Archives Fine Books Collecting Prize


Dawn at Archives Fine Books in Brisbane has announced Australia’s first book collecting prize! All of the details are on their website, but it’s for people up to the age of thirty-five who live in the Greater Brisbane area. It opens on the 1 January 2020 and deadline for entries is 29 February 2020.

Keep up with what these fine book people are doing on their Facebook page and go visit their bookshop at 40 Charlotte Street, Brisbane City. As they say themselves:

Located on the ground floor of John Mills Himself, a heritage-listed building in the heart of the Brisbane CBD, Archives Fine Books is one of the largest second-hand bookstores in Australia. Our size means we are like a number of specialty stores in one: literature, philosophy, politics, sport, military history, westerns, Australiana, esoterica, religion, law, business, science, science fiction, fantasy, popular fiction, biography, music, quilting…the list goes on…and on.

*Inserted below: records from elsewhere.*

lemma psd_matrix_sqrt_exists:
  fixes S :: "real^'n^'n"
  assumes psd: "psd_matrix S"
  obtains R where "psd_matrix R" "R ** R = S"
proof -
  obtain B where fin: "finite B" and orth: "pairwise orthogonal B" and unit: "\<And>b. b \<in> B \<Longrightarrow> norm b = 1"
    and eig: "\<And>b. b \<in> B \<Longrightarrow> S *v b = (b \<bullet> (S *v b)) *\<^sub>R b"
    and expand: "\<And>x. x = (\<Sum>b\<in>B. (b \<bullet> x) *\<^sub>R b)"
    using psd_matrix_orthonormal_eigenbasis[OF psd] by blast
  define lam where "lam b = b \<bullet> (S *v b)" for b
  have lam: "lam b \<ge> 0" for b using psd by (simp add: lam_def psd_matrix_def)
  have eig_lam: "S *v b = lam b *\<^sub>R b" if "b \<in> B" for b unfolding lam_def by (rule eig[OF that])
  define f where "f x = (\<Sum>b\<in>B. (sqrt (lam b) * (b \<bullet> x)) *\<^sub>R b)" for x
  have "linear f"
    by (rule linearI)
      (simp_all add: f_def inner_add_right algebra_simps sum.distrib scaleR_add_left scaleR_sum_right)
  then have Rv: "matrix f *v x = f x" for x by (simp add: matrix_works)
  have inner_f: "y \<bullet> f x = (\<Sum>b\<in>B. sqrt (lam b) * (b \<bullet> x) * (b \<bullet> y))" for x y
    by (simp add: f_def inner_sum_right mult.commute mult.left_commute inner_commute)
  have "(matrix f ** matrix f) *v x = S *v x" for x
  proof -
    have "(matrix f ** matrix f) *v x = (\<Sum>b\<in>B. (sqrt (lam b) * (b \<bullet> f x)) *\<^sub>R b)"
      by (simp add: Rv matrix_vector_mul_assoc[symmetric] f_def)
    also have "\<dots> = (\<Sum>b\<in>B. (b \<bullet> x) *\<^sub>R (S *v b))"
      using fin orth unit
      by (intro sum.cong refl) (simp add: f_def inner_sum_orthonormal lam eig_lam)
    also have "\<dots> = S *v x"
      by (rule matrix_vector_mult_in_basis[OF expand, symmetric])
    finally show ?thesis .
  qed
  then have "matrix f ** matrix f = S" by (simp add: matrix_eq)
  moreover have "psd_matrix (matrix f)"
    unfolding psd_matrix_def
  proof
    show "transpose (matrix f) = matrix f"
      by (rule symmetric_matrix_if_inner_swap)
        (simp add: Rv inner_f inner_commute[of "f _"] mult.commute mult.left_commute)
    show "\<forall>x. 0 \<le> x \<bullet> (matrix f *v x)"
      by (simp add: Rv inner_f lam sum_nonneg mult.assoc)
  qed
  ultimately show ?thesis using that by blast
qed

lemma mat_sqrt:
  fixes S :: "real^'n^'n"
  assumes "psd_matrix S"
  shows "psd_matrix (mat_sqrt S)" "mat_sqrt S ** mat_sqrt S = S"
proof -
  obtain R where "psd_matrix R" "R ** R = S" using psd_matrix_sqrt_exists[OF assms] .
  then have "\<exists>!R. psd_matrix R \<and> R ** R = S"
    using psd_matrix_sqrt_unique[OF assms] by blast
  from theI'[OF this] show "psd_matrix (mat_sqrt S)" "mat_sqrt S ** mat_sqrt S = S"
    unfolding mat_sqrt_def by auto
qed

lemma norm_vector_mult_mat_sqrt:
  fixes S :: "real^'n^'n"
  assumes "psd_matrix S"
  shows "norm (v v* mat_sqrt S) = sqrt (v \<bullet> (S *v v))"
proof -
  have sym: "transpose (mat_sqrt S) = mat_sqrt S"
    using mat_sqrt(1)[OF assms] by (simp add: psd_matrix_def)
  then have "(v v* mat_sqrt S) \<bullet> (v v* mat_sqrt S) = v \<bullet> (mat_sqrt S *v (mat_sqrt S *v v))"
    by (metis symmetric_matrix_inner_swap transpose_matrix_vector)
  also have "\<dots> = v \<bullet> (S *v v)"
    using mat_sqrt(2)[OF assms] by (simp add: matrix_vector_mul_assoc)
  finally show ?thesis by (simp add: norm_eq_sqrt_inner)
qed

lemma sum_UNIV_Plus:
  "(\<Sum>i\<in>(UNIV::('a::finite + 'b::finite) set). g i) = (\<Sum>a\<in>UNIV. g (Inl a)) + (\<Sum>b\<in>UNIV. g (Inr b))"
  by (subst UNIV_Plus_UNIV[symmetric], subst sum.Plus) (simp_all add: o_def)
definition p_adjacent :: "(nat \<times> nat) set \<Rightarrow> nat \<Rightarrow> nat \<Rightarrow> bool" where
  "p_adjacent E a b \<longleftrightarrow> a \<noteq> b \<and>
     ((a, b) \<in> E \<or> (b, a) \<in> E \<or>
      (\<exists>c. (a, c) \<in> E \<and> (b, c) \<in> E \<and> (ancestor E c a \<or> ancestor E c b)))"

definition is_partition :: "nat set set \<Rightarrow> nat set \<Rightarrow> bool" where
  "is_partition P A \<longleftrightarrow> {} \<notin> P \<and> \<Union>P = A \<and>
     (\<forall>C\<in>P. \<forall>D\<in>P. C \<noteq> D \<longrightarrow> C \<inter> D = {})"

definition popart :: "nat \<Rightarrow> (nat set set \<times> nat set rel) set" where
  "popart n = {(P, \<pi>). is_partition P {1..n} \<and> \<pi> \<subseteq> P \<times> P \<and> partial_order_on P \<pi>}"

definition block :: "nat set set \<Rightarrow> nat \<Rightarrow> nat set" where
  "block P i = (THE C. C \<in> P \<and> i \<in> C)"

definition E1 :: "nat \<Rightarrow> (nat \<times> nat) set \<Rightarrow> nat set set \<times> nat set rel \<Rightarrow> (nat \<times> nat) set" where
  "E1 n E s = (case s of (P, \<pi>) \<Rightarrow>
     {(a, b). a \<in> {1..n} \<and> b \<in> {1..n} \<and> a \<noteq> b \<and>
        \<not> d_separated E a b
            (\<Union>{C \<in> P. (C, block P a) \<in> \<pi> \<or> (C, block P b) \<in> \<pi>} - {a, b})})"

definition S1 :: "nat \<Rightarrow> (nat \<times> nat) set \<Rightarrow> (nat set set \<times> nat set rel) set" where
  "S1 n E = {s \<in> popart n. \<forall>t \<in> popart n. card (E1 n E s) \<le> card (E1 n E t)}"

definition sccs :: "nat \<Rightarrow> (nat \<times> nat) set \<Rightarrow> nat set set" where
  "sccs n E = (\<lambda>i. {j \<in> {1..n}. (i, j) \<in> E\<^sup>* \<and> (j, i) \<in> E\<^sup>*}) ` {1..n}"

definition scc_order :: "nat \<Rightarrow> (nat \<times> nat) set \<Rightarrow> nat set rel" where
  "scc_order n E = {(C1, C2). C1 \<in> sccs n E \<and> C2 \<in> sccs n E \<and>
      (C1 = C2 \<or> (\<exists>x\<in>C1. \<exists>y\<in>C2. (x, y) \<in> E\<^sup>*))}"

definition assoc_popart :: "nat \<Rightarrow> (nat \<times> nat) set \<Rightarrow> nat set set \<times> nat set rel" where
  "assoc_popart n E = (sccs n E, scc_order n E)"

end

theory Submission
  imports Defs
begin

(* Every p-adjacent pair is d-connected given any set Z: through the edge, through the
   collider a -> c <- b when c has a descendant in Z, and otherwise through the directed
   path a <- ... <- c <- b, which avoids Z.  Conversely, for the partition into strongly
   connected components the conditioning set of a pair a, b consists of all other
   ancestors of a or b.  Every vertex of a d-connecting path given such an ancestral set
   is itself an ancestor of a or b, so every interior vertex must be a collider; as two
   consecutive colliders are impossible, the path is an edge or a -> c <- b with c an
   ancestor of a or b.  Hence E1 of the associated partition consists exactly of the
   p-adjacent pairs, which lie in E1 for every partially ordered partition. *)

lemma is_path_rev:
  assumes "is_path E vs ds"
  shows "is_path E (rev vs) (rev (map Not ds))"
  unfolding is_path_def
proof (intro conjI allI impI)
  let ?k = "length ds"
  have len: "length vs = Suc ?k" using assms unfolding is_path_def by simp
  show "rev vs \<noteq> []" "distinct (rev vs)" "length (rev (map Not ds)) + 1 = length (rev vs)"
    using assms unfolding is_path_def by auto
  fix i assume "i < length (rev (map Not ds))"
  then obtain m where m: "?k = Suc (i + m)" by (auto dest: less_imp_Suc_add)
  have "if ds ! m then (vs ! m, vs ! Suc m) \<in> E else (vs ! Suc m, vs ! m) \<in> E"
    using assms m unfolding is_path_def by simp
  moreover have "rev (map Not ds) ! i = (\<not> ds ! m)" "rev vs ! i = vs ! Suc m" "rev vs ! Suc i = vs ! m"
    using m len by (simp_all add: rev_nth)
  ultimately show "if rev (map Not ds) ! i then (rev vs ! i, rev vs ! Suc i) \<in> E
                   else (rev vs ! Suc i, rev vs ! i) \<in> E"
    by simp
qed

lemma collider_rev:
  assumes "0 < i" "i < length ds"
  shows "collider (rev (map Not ds)) i = collider ds (length ds - i)"
proof -
  obtain m where m: "length ds = Suc (i + m)" using assms(2) by (auto dest: less_imp_Suc_add)
  obtain j where j: "i = Suc j" using assms(1) gr0_implies_Suc by blast
  show ?thesis using m unfolding collider_def j by (auto simp: rev_nth)
qed

lemma d_connecting_path_rev:
  assumes "d_connecting_path E Z vs ds"
  shows "d_connecting_path E Z (rev vs) (rev (map Not ds))"
  unfolding d_connecting_path_def
proof (intro conjI allI impI)
  show "is_path E (rev vs) (rev (map Not ds))"
    using assms is_path_rev unfolding d_connecting_path_def by blast
  fix i assume i: "0 < i \<and> i < length (rev (map Not ds))"
  have len: "length vs = Suc (length ds)"
    using assms unfolding d_connecting_path_def is_path_def by simp
  have "0 < length ds - i" "length ds - i < length ds" using i by auto
  with assms have "if collider ds (length ds - i) then \<exists>z\<in>Z. ancestor E (vs ! (length ds - i)) z
        else vs ! (length ds - i) \<notin> Z"
    unfolding d_connecting_path_def by blast
  then show "if collider (rev (map Not ds)) i then \<exists>z\<in>Z. ancestor E (rev vs ! i) z
             else rev vs ! i \<notin> Z"
    using i len by (simp add: collider_rev rev_nth)
qed

lemma d_separated_sym: "d_separated E a b Z \<longleftrightarrow> d_separated E b a Z"
proof -
  have "\<not> d_separated E b a Z" if connected: "\<not> d_separated E a b Z" for a b
  proof -
    obtain vs ds where "d_connecting_path E Z vs ds" "hd vs = a" "last vs = b"
      using connected unfolding d_separated_def by blast
    moreover from this(1) have "vs \<noteq> []"
      unfolding d_connecting_path_def is_path_def by simp
    ultimately show ?thesis
      unfolding d_separated_def using d_connecting_path_rev by (fastforce simp: hd_rev last_rev)
  qed
  then show ?thesis by blast
qed

lemma not_d_separated_directed_path:
  assumes "ws \<noteq> []" "distinct ws"
    and "\<And>i. Suc i < length ws \<Longrightarrow> (ws ! Suc i, ws ! i) \<in> E"
    and "\<And>i. 0 < i \<Longrightarrow> Suc i < length ws \<Longrightarrow> ws ! i \<notin> Z"
  shows "\<not> d_separated E (hd ws) (last ws) Z"
proof -
  let ?ds = "replicate (length ws - 1) False"
  have "d_connecting_path E Z ws ?ds"
    using assms unfolding d_connecting_path_def is_path_def collider_def by auto
  then show ?thesis unfolding d_separated_def by blast
qed

lemma rtrancl_imp_distinct_path:
  assumes "(x, y) \<in> E\<^sup>*"
  obtains vs where "vs \<noteq> []" "distinct vs" "hd vs = y" "last vs = x"
    "\<And>i. Suc i < length vs \<Longrightarrow> (vs ! Suc i, vs ! i) \<in> E"
    "\<And>v. v \<in> set vs \<Longrightarrow> (x, v) \<in> E\<^sup>*"
proof -
  from assms have "\<exists>vs. vs \<noteq> [] \<and> distinct vs \<and> hd vs = y \<and> last vs = x \<and>
      (\<forall>i. Suc i < length vs \<longrightarrow> (vs ! Suc i, vs ! i) \<in> E) \<and> (\<forall>v\<in>set vs. (x, v) \<in> E\<^sup>*)"
  proof (induction rule: rtrancl_induct)
    case base
    show ?case by (rule exI[of _ "[x]"]) simp
  next
    case (step y z)
    then obtain vs where vs: "vs \<noteq> []" "distinct vs" "hd vs = y" "last vs = x"
      "\<forall>i. Suc i < length vs \<longrightarrow> (vs ! Suc i, vs ! i) \<in> E" "\<forall>v\<in>set vs. (x, v) \<in> E\<^sup>*"
      by blast
    show ?case
    proof (cases "z \<in> set vs")
      case True
      \<comment> \<open>the walk revisits z: cut off the loop\<close>
      then obtain j where j: "j < length vs" "vs ! j = z" by (auto simp: in_set_conv_nth)
      then show ?thesis using vs
        by (intro exI[of _ "drop j vs"]) (auto simp: hd_drop_conv_nth dest: in_set_dropD)
    next
      case False
      have "((z # vs) ! Suc i, (z # vs) ! i) \<in> E" if "Suc i < length (z # vs)" for i
        using that vs(3,5) step(2) by (cases i) (auto simp: hd_conv_nth)
      then show ?thesis using False vs step
        by (intro exI[of _ "z # vs"]) (auto intro: rtrancl_into_rtrancl)
    qed
  qed
  with that show ?thesis by blast
qed

lemma not_d_separated_edge:
  assumes "(a, b) \<in> E" "a \<noteq> b"
  shows "\<not> d_separated E a b Z"
  using not_d_separated_directed_path[of "[b, a]" E Z] assms d_separated_sym by auto

lemma not_d_separated_collider:
  assumes "(a, c) \<in> E" "(b, c) \<in> E" "distinct [a, b, c]" "z \<in> Z" "ancestor E c z"
  shows "\<not> d_separated E a b Z"
proof -
  have "d_connecting_path E Z [a, c, b] [True, False]"
    using assms unfolding d_connecting_path_def is_path_def collider_def
    by (auto simp: less_Suc_eq nth_Cons')
  then show ?thesis unfolding d_separated_def by force
qed

lemma not_d_separated_child_ancestor:
  assumes "(b, c) \<in> E" "ancestor E c a" "a \<noteq> b" and c_not_ancestor: "\<forall>z\<in>Z. \<not> ancestor E c z"
  shows "\<not> d_separated E a b Z"
proof -
  obtain vs where vs: "vs \<noteq> []" "distinct vs" "hd vs = a" "last vs = c"
    "\<And>i. Suc i < length vs \<Longrightarrow> (vs ! Suc i, vs ! i) \<in> E"
    and descendants: "\<And>v. v \<in> set vs \<Longrightarrow> (c, v) \<in> E\<^sup>*"
    using assms(2) rtrancl_imp_distinct_path unfolding ancestor_def by metis
  have outside_Z: "v \<notin> Z" if "v \<in> set vs" for v
    using descendants[OF that] c_not_ancestor unfolding ancestor_def by (blast intro: rtrancl_trans)
  show ?thesis
  proof (cases "b \<in> set vs")
    case True
    then obtain j where j: "j < length vs" "vs ! j = b" by (auto simp: in_set_conv_nth)
    let ?ws = "take (Suc j) vs"
    have "\<not> d_separated E (hd ?ws) (last ?ws) Z"
      using vs outside_Z by (intro not_d_separated_directed_path) (auto dest: in_set_takeD)
    moreover have "hd ?ws = a" "last ?ws = b" using vs j by (auto simp: last_conv_nth)
    ultimately show ?thesis by simp
  next
    case False
    let ?ws = "vs @ [b]"
    have "(?ws ! Suc i, ?ws ! i) \<in> E" if "Suc i < length ?ws" for i
    proof (cases "Suc i < length vs")
      case True
      then show ?thesis using vs(5) by (simp add: nth_append)
    next
      case False
      then have "i = length vs - 1" using that by simp
      then show ?thesis using vs(1,4) assms(1) False by (simp add: nth_append last_conv_nth)
    qed
    moreover have "?ws ! i \<notin> Z" if "Suc i < length ?ws" for i
      using that outside_Z by (simp add: nth_append)
    ultimately have "\<not> d_separated E (hd ?ws) (last ?ws) Z"
      using vs False by (intro not_d_separated_directed_path) auto
    then show ?thesis using vs by simp
  qed
qed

Established in 1985 by the well-remembered Emmanuel, the store has been cared for by a handful of unique personalities, each one contributing to its reputation as a Brisbane icon. Hamish Alcorn bought the business in 2008 and since then has organised more than half a million books, weathered  the GFC, the e-book revolution, and survived freak storms and floods. He also married Dawn Albinger and has strongly supported her vision to build the antiquarian and ‘Fine’ end of the business. Together they plan to keep the doors open for decades to come, contributing to the intellectual, cultural, and aesthetic life of Brisbane City.

I’ve been going there since the 1990s and have bought large numbers of books from them, including a full set of Anais Nin’s diaries. It’s rare that I leave without finding a book that I’ve long sought after, or one that I’ve just discovered is essential to read. I went once looking for Georg Büchner’s plays, particularly Wozzeck, and they had a copy!

Dawn and Hamish run an essential business for, without fine bookshops like theirs, our cultural lives run dry. We cannot live only by economics and, although I love a nice café or bar as much as the next person, we need enrichment of our creative and imaginative selves and a sharpening of our critical thinking skills as much as we need food and drink.